■ Information provided:

lemma power_div_fact_le_exp_minus:
  fixes \<mu> :: real
  assumes "0 \<le> \<mu>" and r: "exp 2 * \<mu> \<le> real r"
  shows "\<mu> ^ r / fact r \<le> exp (- real r)"
proof (cases "r = 0")
  case False
  then have rpos: "real r > 0" by simp
  have "real r ^ r / exp (real r) \<le> fact r"
    using power_div_fact_le_exp[of "real r" r] rpos by (simp add: field_simps)
  then have "\<mu> ^ r / fact r \<le> \<mu> ^ r / (real r ^ r / exp (real r))"
    using assms rpos by (intro divide_left_mono) auto
  also have "\<dots> = (\<mu> * exp 1 / real r) ^ r"
    using rpos by (simp add: field_simps power_divide flip: exp_of_nat_mult)
  also have "\<dots> \<le> exp (- 1) ^ r"
  proof (rule power_mono)
    have "\<mu> * exp 1 * exp 1 \<le> real r"
      using r by (simp add: ac_simps flip: exp_add)
    then show "\<mu> * exp 1 / real r \<le> exp (- 1)"
      using rpos by (simp add: exp_minus field_simps)
  qed (use assms rpos in auto)
  also have "\<dots> = exp (- real r)"
    by (simp flip: exp_of_nat_mult)
  finally show ?thesis .
qed simp

lemma binomial_mult_power_le:
  fixes q :: real
  assumes "0 \<le> q"
  shows "real (N choose r) * q ^ r \<le> (real N * q) ^ r / fact r"
proof -
  have "real ((N choose r) * fact r) \<le> real (N ^ r)"
    by (simp only: of_nat_le_iff binomial_fact_pow)
  then have "real (N choose r) * fact r * q ^ r \<le> real N ^ r * q ^ r"
    using assms by (intro mult_right_mono) auto
  then show ?thesis
    by (simp add: field_simps power_mult_distrib)
qed

lemma sets_PiM_Collect_all_in:
  fixes I :: "real set" and n :: nat
  assumes I: "I \<in> sets borel" and S: "S \<subseteq> {..<n}"
  shows "{y \<in> space (PiM {..<n} (\<lambda>_. borel)). \<forall>j\<in>S. y j \<in> I} \<in> sets (PiM {..<n} (\<lambda>_. borel))"
proof -
  have "finite S" using finite_subset[OF S] by simp
  then show ?thesis
    using I by measurable (use S in auto)
qed

lemma smooth_bound_nonneg: "0 \<le> \<sigma> \<Longrightarrow> 0 \<le> smooth_bound \<sigma> A"
  by (simp add: smooth_bound_def)

lemma adaptive_smooth_law_sets:
  assumes "adaptive_smooth_law \<sigma> N P"
  shows "sets P = sets (PiM {..<N} (\<lambda>_. borel :: real measure))"
    and "space P = space (PiM {..<N} (\<lambda>_. borel :: real measure))"
  using assms sets_eq_imp_space_eq unfolding adaptive_smooth_law_def by metis+

lemma adaptive_smooth_law_prob_all_in_le:
  fixes I :: "real set"
  assumes law: "adaptive_smooth_law \<sigma> N P" and \<sigma>: "0 \<le> \<sigma>" and I: "I \<in> sets borel"
    and S: "S \<subseteq> {..<N}"
  shows "measure P {x \<in> space P. \<forall>j\<in>S. x j \<in> I} \<le> smooth_bound \<sigma> I ^ card S"
proof -
  have "measure P {x \<in> space P. \<forall>j\<in>S. x j \<in> I} \<le> smooth_bound \<sigma> I ^ card S"
    if "n \<le> N" "S \<subseteq> {..<n}" for n S
    using that
  proof (induction n arbitrary: S)
    case 0
    then show ?case
      using law by (simp add: adaptive_smooth_law_def prob_space.prob_le_1)
  next
    case (Suc n)
    show ?case
    proof (cases "n \<in> S")
      case False
      with Suc.prems have "S \<subseteq> {..<n}" by (auto simp: less_Suc_eq)
      with Suc show ?thesis by simp
    next
      case True
      define S' where "S' = S - {n}"
      have S': "S' \<subseteq> {..<n}"
        using Suc.prems(2) by (auto simp: S'_def)
      have card_S: "card S = Suc (card S')"
        using card_Suc_Diff1[OF finite_subset[OF Suc.prems(2) finite_lessThan] True]
        by (simp add: S'_def)
      define B where "B = {y \<in> space (PiM {..<n} (\<lambda>_. borel :: real measure)). \<forall>j\<in>S'. y j \<in> I}"
      have "B \<in> sets (PiM {..<n} (\<lambda>_. borel))"
        unfolding B_def using I S' by (rule sets_PiM_Collect_all_in)
      then have "measure P {x \<in> space P. restrict x {..<n} \<in> B \<and> x n \<in> I}
          \<le> smooth_bound \<sigma> I * measure P {x \<in> space P. restrict x {..<n} \<in> B}"
        using law I Suc.prems(1) unfolding adaptive_smooth_law_def by simp
      also have "{x \<in> space P. restrict x {..<n} \<in> B} = {x \<in> space P. \<forall>j\<in>S'. x j \<in> I}"
        using S' by (auto simp: B_def space_PiM)
      also have "{x \<in> space P. restrict x {..<n} \<in> B \<and> x n \<in> I} = {x \<in> space P. \<forall>j\<in>S. x j \<in> I}"
        using S' True by (auto simp: B_def S'_def space_PiM)
      also have "smooth_bound \<sigma> I * measure P {x \<in> space P. \<forall>j\<in>S'. x j \<in> I}
          \<le> smooth_bound \<sigma> I * smooth_bound \<sigma> I ^ card S'"
        using Suc.IH[OF _ S'] Suc.prems(1) \<sigma> by (simp add: mult_left_mono smooth_bound_nonneg)
      finally show ?thesis
        by (simp add: card_S)
    qed
  qed
  then show ?thesis
    using S by blast
qed

lemma adaptive_smooth_law_prob_many_in_le:
  fixes I :: "real set" and r :: nat
  assumes law: "adaptive_smooth_law \<sigma> N P" and \<sigma>: "0 \<le> \<sigma>" and I: "I \<in> sets borel"
  defines "A \<equiv> {x \<in> space P. r \<le> card {n \<in> {..<N}. x n \<in> I}}"
  shows "A \<in> sets P" and "measure P A \<le> (real N * smooth_bound \<sigma> I) ^ r / fact r"
proof -
  let ?Ss = "{S. S \<subseteq> {..<N} \<and> card S = r}"
  have A_eq: "A = (\<Union>S\<in>?Ss. {x \<in> space P. \<forall>j\<in>S. x j \<in> I})"
  proof (intro equalityI subsetI)
    fix x
    assume x: "x \<in> A"
    then have "r \<le> card {n \<in> {..<N}. x n \<in> I}"
      unfolding A_def by simp
    then obtain S where "S \<subseteq> {n \<in> {..<N}. x n \<in> I}" "card S = r"
      by (meson obtain_subset_with_card_n)
    with x show "x \<in> (\<Union>S\<in>?Ss. {x \<in> space P. \<forall>j\<in>S. x j \<in> I})"
      unfolding A_def by blast
  next
    fix x
    assume "x \<in> (\<Union>S\<in>?Ss. {x \<in> space P. \<forall>j\<in>S. x j \<in> I})"
    then obtain S where S: "S \<subseteq> {n \<in> {..<N}. x n \<in> I}" "card S = r" "x \<in> space P"
      by blast
    then show "x \<in> A"
      using card_mono[OF _ S(1)] unfolding A_def by simp
  qed
  have finite_Ss: "finite ?Ss"
    by (rule finite_subset[of _ "Pow {..<N}"]) auto
  have all_in_sets: "{x \<in> space P. \<forall>j\<in>S. x j \<in> I} \<in> sets P" if "S \<subseteq> {..<N}" for S
    using sets_PiM_Collect_all_in[OF I that] adaptive_smooth_law_sets[OF law] by simp
  show "A \<in> sets P"
    unfolding A_eq using finite_Ss all_in_sets by auto
  have "measure P A \<le> (\<Sum>S\<in>?Ss. measure P {x \<in> space P. \<forall>j\<in>S. x j \<in> I})"
    unfolding A_eq by (rule measure_UNION_le[OF finite_Ss]) (use all_in_sets in auto)
  also have "\<dots> \<le> real (card ?Ss) * smooth_bound \<sigma> I ^ r"
    by (rule sum_bounded_above) (use adaptive_smooth_law_prob_all_in_le[OF law \<sigma> I] in auto)
  also have "\<dots> = real (N choose r) * smooth_bound \<sigma> I ^ r"
    using n_subsets[of "{..<N}" r] by simp
  also have "\<dots> \<le> (real N * smooth_bound \<sigma> I) ^ r / fact r"
    by (rule binomial_mult_power_le) (rule smooth_bound_nonneg[OF \<sigma>])
  finally show "measure P A \<le> (real N * smooth_bound \<sigma> I) ^ r / fact r" .
qed

lemma equiv_same_piece: "equiv {0..1} {(x, y). same_piece D x y}"
proof (rule equivI)
  show "{(x, y). same_piece D x y} \<subseteq> {0..1} \<times> {0..1}"
    by (auto simp: same_piece_def)
  show "refl_on {0..1} {(x, y). same_piece D x y}"
    by (auto simp: refl_on_def same_piece_def)
  show "sym {(x, y). same_piece D x y}"
    by (auto simp: sym_def same_piece_def min.commute max.commute)
  show "trans {(x, y). same_piece D x y}"
    unfolding trans_def same_piece_def by (auto simp: min_def max_def)
qed

lemma splits_induced_partitionE:
  assumes "splits (induced_partition D) {a..b}"
  obtains d where "d \<in> D" "a < d" "d \<le> b" "0 < d" "d \<le> 1"
proof -
  let ?R = "{(x, y). same_piece D x y}"
  obtain p q x y where p: "p \<in> {0..1} // ?R" and q: "q \<in> {0..1} // ?R" and "p \<noteq> q"
    and x: "x \<in> p" "x \<in> {a..b}" and y: "y \<in> q" "y \<in> {a..b}"
    using assms unfolding splits_def induced_partition_def by blast
  have "\<not> same_piece D x y"
    using quotient_eq_iff[OF equiv_same_piece p q x(1) y(1)] \<open>p \<noteq> q\<close> by simp
  moreover have "x \<in> {0..1}" "y \<in> {0..1}"
    using in_quotient_imp_subset[OF equiv_same_piece] p q x y by blast+
  ultimately obtain d where "d \<in> D" "min x y < d" "d \<le> max x y"
    unfolding same_piece_def by blast
  with x y \<open>x \<in> {0..1}\<close> \<open>y \<in> {0..1}\<close> show ?thesis
    by (intro that) auto
qed

lemma card_splitting_le_card_samples_in:
  assumes "0 < l" and "{a..b} \<subseteq> J"
  shows "card {i \<in> {..<T}. splits (induced_partition (discs l x i)) {a..b}}
    \<le> card {n \<in> {..<T * l}. x n \<in> J}"
proof -
  have "{i \<in> {..<T}. splits (induced_partition (discs l x i)) {a..b}}
    \<subseteq> (\<lambda>n. n div l) ` {n \<in> {..<T * l}. x n \<in> J}"
  proof
    fix i
    assume "i \<in> {i \<in> {..<T}. splits (induced_partition (discs l x i)) {a..b}}"
    then have i: "i < T" and "splits (induced_partition (discs l x i)) {a..b}"
      by auto
    then obtain d where "d \<in> discs l x i" "a < d" "d \<le> b"
      by (auto elim: splits_induced_partitionE)
    then obtain j where j: "j < l" "x (i * l + j) \<in> {a..b}"
      unfolding discs_def by auto
    have "i * l + j < (i + 1) * l"
      using j by simp
    also have "\<dots> \<le> T * l"
      using i by (intro mult_le_mono1) simp
    finally have "i * l + j < T * l" .
    moreover have "(i * l + j) div l = i"
      using j by simp
    ultimately show "i \<in> (\<lambda>n. n div l) ` {n \<in> {..<T * l}. x n \<in> J}"
      using j assms(2) by (intro image_eqI[of _ _ "i * l + j"]) auto
  qed
  then have "card {i \<in> {..<T}. splits (induced_partition (discs l x i)) {a..b}}
    \<le> card ((\<lambda>n. n div l) ` {n \<in> {..<T * l}. x n \<in> J})"
    by (intro card_mono) simp_all
  also have "\<dots> \<le> card {n \<in> {..<T * l}. x n \<in> J}"
    by (rule card_image_le) simp
  finally show ?thesis .
qed

definition grid_interval :: "real \<Rightarrow> int \<Rightarrow> real set" where
  "grid_interval w t = {of_int t * w .. (of_int t + 2) * w}"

■ What the exercise asks:
Select, from the listing, all lines that include the word "moreover".

■ Task response:
  moreover have "x \<in> {0..1}" "y \<in> {0..1}"
    moreover have "(i * l + j) div l = i"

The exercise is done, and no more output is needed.